These are the times that try men’s souls: The summer soldier and the sunshine patriot will, in this crisis, shrink from the service of his country; but he that stands it NOW, deserves the love and thanks of man and woman. Tyranny, like hell, is not easily conquered; yet we have this consolation with us, that the harder the conflict, the more glorious the triumph (American Crisis 1)

Very inspiring.

Yet even as an adult and historian, I became slightly nervous when reading a book that quoted Paine. I gradually became de-sensitized, though, and found other quotations from Common Sense, quite inspiring and compelling. For example:

We have it in our power to begin the world over again. A situation, similar to the present, hath not happened since the days of Noah until now. The birthday of a new world is at hand.

Thrilling stuff. But Noll shows how Common Sense was a critical instrumentality in the formation of an alliance “between Protestant dogma and a belief in the messianic destiny of the new United States under God” (114).

Reading the story of how that alliance formed and its outworking compels a reconsideration of deeply-ingrained assumptions about the American revolution as a righteous cause and the American republic as specially blessed and commissioned by God to spread freedom and democracy to the world.

Paine’s statement (just quoted) and much else that could be cited along similar lines, show us that right from the beginning the ideology of the American Republic was an eschatology – a civil millennialism. Noll does not preach to us about whether this eschatology is compatible with Christian eschatology, but does show us through very careful historical analysis how two distinct ideas – a new world of enlightened humanity and a new world promised by God, became intertwined.

If Noll doesn’t preach, I will (only very briefly): The new world of Thomas Paine and the American founders came into being through revolutionary violence. And faith that violence, when exercised on behalf of American values, is “redemptive violence” that in some sense advances a new epoch of freedom and justice that is the historic destiny of humanity under God, has pervaded the national consciousness ever since, and in our time has become more evident than ever.

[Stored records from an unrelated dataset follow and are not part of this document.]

lemma covering_functional_real_lp_ball_le:
  fixes p x :: real and k :: nat
  assumes p: "p \<ge> 1" and x: "2 ^ k * real ((CARD('n::finite) + k) choose CARD('n)) \<le> x"
  shows "covering_functional_real x (lp_ball p :: (real^'n) set)
           \<le> (real CARD('n) / real (CARD('n) + k)) powr (1 / p)"
proof -
  let ?C = "lattice_centre p k ` lattice_simplex (UNIV::'n set) k"
  have "finite ?C" and "card ?C \<le> (CARD('n) + k) choose CARD('n)"
    using finite_card_lattice_centres[of p k, where 'n='n] by simp_all
  moreover have "card {i. c $ i \<noteq> 0} \<le> k" if "c \<in> ?C" for c
    using that card_support_lattice_centre_le by blast
  ultimately have fin: "finite (reflections ?C)"
    and "card (reflections ?C) \<le> 2 ^ k * ((CARD('n) + k) choose CARD('n))"
    using finite_card_reflections[of ?C k] by (auto intro: order_trans)
  moreover have "real (2 ^ k * ((CARD('n) + k) choose CARD('n))) \<le> x" using x by simp
  ultimately have card: "card (reflections ?C) \<le> nat \<lfloor>x\<rfloor>"
    using le_nat_floor order_trans by blast
  show ?thesis
    unfolding covering_functional_real_def
    by (rule covering_functional_le[OF _ fin card
          lp_ball_subset_reflections[OF lp_simplex_subset_lattice_centres[OF p]]])
      (simp del: of_nat_add)
qed

lemma mono_step_le_iff:
  fixes h :: "nat \<Rightarrow> 'a::linorder"
  assumes mono: "mono h" and "h k \<le> T" and "T < h (Suc k)"
  shows "h m \<le> T \<longleftrightarrow> m \<le> k"
proof
  assume "h m \<le> T"
  show "m \<le> k"
  proof (rule ccontr)
    assume "\<not> m \<le> k"
    then have "h (Suc k) \<le> h m" using mono by (simp add: monoD)
    with \<open>T < h (Suc k)\<close> \<open>h m \<le> T\<close> show False by simp
  qed
next
  assume "m \<le> k"
  then show "h m \<le> T" using mono \<open>h k \<le> T\<close> by (meson monoD order_trans)
qed

lemma The_mono_step_le_iff:
  fixes h :: "nat \<Rightarrow> 'a::linorder"
  assumes mono: "mono h" and "h 0 \<le> T" and "T < h M"
  shows "h m \<le> T \<longleftrightarrow> m \<le> (THE k. h k \<le> T \<and> T < h (Suc k))"
proof -
  define j where "j = (LEAST j. T < h j)"
  have "T < h j" unfolding j_def using \<open>T < h M\<close> by (rule LeastI)
  moreover have "j \<noteq> 0" using calculation \<open>h 0 \<le> T\<close> by (metis leD)
  moreover have "h (j - 1) \<le> T"
    using not_less_Least[of "j - 1" "\<lambda>j. T < h j"] \<open>j \<noteq> 0\<close> unfolding j_def[symmetric] by simp
  ultimately have step: "h (j - 1) \<le> T \<and> T < h (Suc (j - 1))" by simp
  have "(THE k. h k \<le> T \<and> T < h (Suc k)) = j - 1"
  proof (rule the_equality)
    fix k assume "h k \<le> T \<and> T < h (Suc k)"
    then show "k = j - 1"
      using mono_step_le_iff[OF mono, of k T] mono_step_le_iff[OF mono, of "j - 1" T] step
      by (meson le_antisym order_refl)
  qed (rule step)
  then show ?thesis using mono_step_le_iff[OF mono] step by simp
qed

lemma k_fun_le_iff:
  assumes "n > 0" and "1 \<le> t"
  shows "real ((n + m) choose n) \<le> t ^ n \<longleftrightarrow> m \<le> k_fun n t"
proof -
  define h where "h k = real ((n + k) choose n)" for k
  have mono: "mono h" unfolding h_def by (rule incseq_SucI) (simp add: binomial_right_mono)
  define M where "M = nat \<lceil>t ^ n\<rceil>"
  have "Suc M = Suc M choose M" by simp
  also have "\<dots> \<le> (n + M) choose M" using \<open>n > 0\<close> by (intro binomial_right_mono) simp
  also have "\<dots> = (n + M) choose n" using binomial_symmetric[of M "n + M"] by simp
  finally have "real (Suc M) \<le> h M" unfolding h_def by linarith
  moreover have "t ^ n < real (Suc M)" unfolding M_def by linarith
  ultimately have "t ^ n < h M" by linarith
  moreover have "h 0 \<le> t ^ n" using \<open>1 \<le> t\<close> by (simp add: h_def)
  moreover have "(THE k. h k \<le> t ^ n \<and> t ^ n < h (Suc k)) = k_fun n t"
    by (simp add: k_fun_def h_def)
  ultimately have "h m \<le> t ^ n \<longleftrightarrow> m \<le> k_fun n t"
    using The_mono_step_le_iff[OF mono] by metis
  then show ?thesis by (simp only: h_def)
qed

lemma l_fun_le_iff:
  assumes "1 \<le> t"
  shows "2 ^ m * real ((n + m) choose n) \<le> t ^ n \<longleftrightarrow> m \<le> l_fun n t"
proof -
  define h where "h k = 2 ^ k * real ((n + k) choose n)" for k
  have mono: "mono h"
  proof (rule incseq_SucI)
    fix k
    have "real ((n + k) choose n) \<le> real ((n + Suc k) choose n)" by (simp add: binomial_right_mono)
    then show "h k \<le> h (Suc k)" unfolding h_def by (intro mult_mono) auto
  qed
  define M where "M = nat \<lceil>t ^ n\<rceil>"
  have "t ^ n \<le> real M" unfolding M_def by linarith
  also have "real M < 2 ^ M" by (metis less_exp of_nat_less_iff of_nat_numeral of_nat_power)
  also have "(2::real) ^ M \<le> h M" by (simp add: h_def Suc_le_eq)
  finally have "t ^ n < h M" .
  moreover have "h 0 \<le> t ^ n" using \<open>1 \<le> t\<close> by (simp add: h_def)
  moreover have "(THE k. h k \<le> t ^ n \<and> t ^ n < h (Suc k)) = l_fun n t"
    by (simp add: l_fun_def h_def)
  ultimately have "h m \<le> t ^ n \<longleftrightarrow> m \<le> l_fun n t"
    using The_mono_step_le_iff[OF mono] by metis
  then show ?thesis by (simp only: h_def)
qed

definition ln_ff :: "real \<Rightarrow> real" where
  "ln_ff x = (1 + x) * ln (1 + x) - x * ln x"

lemma ff_eq_exp_ln_ff: "x > 0 \<Longrightarrow> ff x = exp (ln_ff x)"
  by (simp add: ff_def ln_ff_def powr_def exp_diff mult.commute)

lemma gg_eq_powr_mult_ff: "gg x = 2 powr x * ff x"
  by (simp add: gg_def ff_def)

lemma strict_mono_on_ln_ff: "strict_mono_on {0<..} ln_ff"
proof (rule strict_mono_onI)
  fix x y :: real assume "x \<in> {0<..}" "y \<in> {0<..}" "x < y"
  show "ln_ff x < ln_ff y"
  proof (rule DERIV_pos_imp_increasing[OF \<open>x < y\<close>])
    fix z assume "x \<le> z"
    with \<open>x \<in> {0<..}\<close> have "z > 0" by simp
    then have "(ln_ff has_real_derivative ln (1 + z) - ln z) (at z)"
      unfolding ln_ff_def by (auto intro!: derivative_eq_intros simp: field_simps)
    moreover have "ln (1 + z) - ln z > 0" using \<open>z > 0\<close> by simp
    ultimately show "\<exists>d. (ln_ff has_real_derivative d) (at z) \<and> d > 0" by blast
  qed
qed

lemma strict_mono_on_ff: "strict_mono_on {0<..} ff"
  using strict_mono_onD[OF strict_mono_on_ln_ff]
  by (intro strict_mono_onI) (simp add: ff_eq_exp_ln_ff)

lemma strict_mono_on_gg: "strict_mono_on {0<..} gg"
proof (rule strict_mono_onI)
  fix x y :: real assume xy: "x \<in> {0<..}" "y \<in> {0<..}" "x < y"
  have "ff x < ff y" using strict_mono_onD[OF strict_mono_on_ff xy] .
  moreover have "2 powr x \<le> 2 powr y" using xy by simp
  moreover have "ff x > 0" using xy by (simp add: ff_eq_exp_ln_ff)
  ultimately show "gg x < gg y"
    unfolding gg_eq_powr_mult_ff by (intro mult_le_less_imp_less) auto
qed

lemma continuous_on_ff: "continuous_on {0<..} ff"
  unfolding ff_def by (intro continuous_intros) auto

lemma continuous_on_gg: "continuous_on {0<..} gg"
  unfolding gg_eq_powr_mult_ff by (intro continuous_intros continuous_on_ff) auto

lemma less_ff:
  assumes "x > 0"
  shows "x < ff x"
proof -
  have "ln x < ln (1 + x)" using assms by simp
  moreover have "ln_ff x = ln (1 + x) + x * (ln (1 + x) - ln x)"
    by (simp add: ln_ff_def algebra_simps)
  ultimately have "ln x < ln_ff x" using assms by (smt (verit) mult_pos_pos)
  then show ?thesis using assms by (metis exp_less_cancel_iff exp_ln ff_eq_exp_ln_ff)
qed

lemma less_gg:
  assumes "x > 0"
  shows "x < gg x"
proof -
  have "ff x \<le> 2 powr x * ff x"
    using assms less_ff[OF assms] mult_right_mono[of 1 "2 powr x" "ff x"]
    by (simp add: ge_one_powr_ge_zero)
  then show ?thesis using less_ff[OF assms] by (simp add: gg_eq_powr_mult_ff)
qed

lemma ex1_pos_eq_if_strict_mono_on:
  fixes F :: "real \<Rightarrow> real"
  assumes mono: "strict_mono_on {0<..} F" and cont: "continuous_on {0<..} F"
    and lim: "(F \<longlongrightarrow> 1) (at_right 0)" and "1 < t" and "t < F t"
  shows "\<exists>!x. x > 0 \<and> F x = t"
proof -
  have "eventually (\<lambda>x. F x < t) (at_right 0)"
    using lim \<open>1 < t\<close> by (rule order_tendstoD(2))
  then obtain b where "b > 0" and below: "\<And>x. 0 < x \<Longrightarrow> x < b \<Longrightarrow> F x < t"
    unfolding eventually_at_right_field by auto
  define e where "e = min b t / 2"
  have e: "0 < e" "e < b" "e \<le> t" using \<open>b > 0\<close> \<open>1 < t\<close> by (auto simp: e_def)
  have "continuous_on {e..t} F" using cont by (rule continuous_on_subset) (use e in auto)
  then obtain x where "e \<le> x" "F x = t"
    using IVT'[of F e t t] below[OF e(1,2)] \<open>t < F t\<close> e(3) by force
  then have x: "x > 0 \<and> F x = t" using e by simp
  moreover have "y = x" if "y > 0 \<and> F y = t" for y
    using strict_mono_on_eqD[OF mono, of x y] that x by simp
  ultimately show ?thesis by blast
qed

lemma a_fun_solves:
  assumes "1 < t"
  shows "a_fun t > 0 \<and> ff (a_fun t) = t"
proof -
  have "(ff \<longlongrightarrow> 1) (at_right 0)" unfolding ff_def by real_asymp
  then have "\<exists>!x. x > 0 \<and> ff x = t"
    using strict_mono_on_ff continuous_on_ff assms less_ff[of t]
    by (intro ex1_pos_eq_if_strict_mono_on) auto
  then show ?thesis unfolding a_fun_def by (rule theI')
qed

lemma b_fun_solves:
  assumes "1 < t"
  shows "b_fun t > 0 \<and> gg (b_fun t) = t"
proof -
  have "(gg \<longlongrightarrow> 1) (at_right 0)" unfolding gg_def by real_asymp
  then have "\<exists>!x. x > 0 \<and> gg x = t"
    using strict_mono_on_gg continuous_on_gg assms less_gg[of t]
    by (intro ex1_pos_eq_if_strict_mono_on) auto
  then show ?thesis unfolding b_fun_def by (rule theI')
qed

So, for me, the most critical question Noll’s book raises is whether America’s god can be the God and Father of Jesus Christ, to which the New Testament bears witness. Ironically, and tragically, he points out that for the Protestant theologians who were so successfully utilized “Scripture and pious experience” to build a national culture – a Protestant empire – in 19th-century America, the “American God” may have been “working to well.” They “found it easy to equate America’s moral government of God with Christianity itself. Their tragedy – and the greater the theologian the greater the tragedy – was to rest content with a God defined by the American conventions God’s own loyal servants had exploited so well” (438).

Dr. Emory Tolbert’s Presentation

from the AFCF America’s God Panel Discussion
on February 24, 2007

When I started graduate school at UCLA, the academic discipline of history was undergoing some significant changes. One that was especially important in the eyes of history graduate students was a new approach to writing history that adopted a perspective described as “from the bottom up.” This trend in the discipline would soon yield important new insights and bring significant changes in research methods that would impact scholarship for years to come. There was considerable resistance from scholars whose work focused only on the powerful and privileged. Nevertheless, young historians brought the lives of ordinary people into the narrative of human history with remarkable success. They scoured census records, public documents of all types, baptismal records, and oral histories to write accounts of the life-ways and struggles of workers, slaves, peasants and others who could not leave autobiographies, correspondence, diaries, speeches and reports like their wealthier and more powerful contemporaries.

Now we have a better understanding of the importance of women and so-called minorities in the development of American society and culture. Today we need to consider what these “other” people - the majority of the population - were saying and how they were thinking and acting. By doing so we can reexamine and sometimes correct notions about our collective history that were established when historical research focused only on a few at the top.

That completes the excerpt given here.